(* Let $\Gamma$ be a connected finite simple graph on $N\ge3$ vertices with $\varepsilon>\frac12$. Then: (1) if $u\ne w$ are vertices with $\deg u=\deg w=1$, there is no vertex $v$ with $u\sim v\sim w$; (2) there are no three distinct vertices $u\sim v\sim w$ with $\deg u,\deg v,\deg w\in\{1,2\}$.
   Context: For a finite simple graph $\Gamma=(V,E)$ without isolated vertices, $\deg v$ is the number of neighbours of $v$ and $\mathcal N(v)=\{w\in V: w\sim v\}$. The normalized Laplacian acts on functions $f:V\to\mathbb R$ by $\Delta f(v)=f(v)-\frac{1}{\deg v}\sum_{w\sim v}f(w)$; its eigenvalues are $0=\lambda_1\le\lambda_2\le\dots\le\lambda_N$, and $\varepsilon:=\min_i|1-\lambda_i|$. *)

theory Defs
  imports Main "HOL-Analysis.Analysis"
begin

definition simple_graph :: "'a set \<Rightarrow> ('a \<Rightarrow> 'a \<Rightarrow> bool) \<Rightarrow> bool" where
  "simple_graph V E \<longleftrightarrow> finite V \<and> (\<forall>u v. E u v \<longrightarrow> u \<in> V \<and> v \<in> V)
     \<and> (\<forall>u v. E u v \<longrightarrow> E v u) \<and> (\<forall>v. \<not> E v v)"

definition connected_graph :: "'a set \<Rightarrow> ('a \<Rightarrow> 'a \<Rightarrow> bool) \<Rightarrow> bool" where
  "connected_graph V E \<longleftrightarrow> (\<forall>u\<in>V. \<forall>v\<in>V. E\<^sup>*\<^sup>* u v)"

definition neighbours :: "'a set \<Rightarrow> ('a \<Rightarrow> 'a \<Rightarrow> bool) \<Rightarrow> 'a \<Rightarrow> 'a set" where
  "neighbours V E v = {w \<in> V. E w v}"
++++
■ **Work to be completed**:
Your answer should be each line from the preceding material in which the word "longleftrightarrow" occurs.

■ **Exercise response**:
  "simple_graph V E \<longleftrightarrow> finite V \<and> (\<forall>u v. E u v \<longrightarrow> u \<in> V \<and> v \<in> V)
  "connected_graph V E \<longleftrightarrow> (\<forall>u\<in>V. \<forall>v\<in>V. E\<^sup>*\<^sup>* u v)"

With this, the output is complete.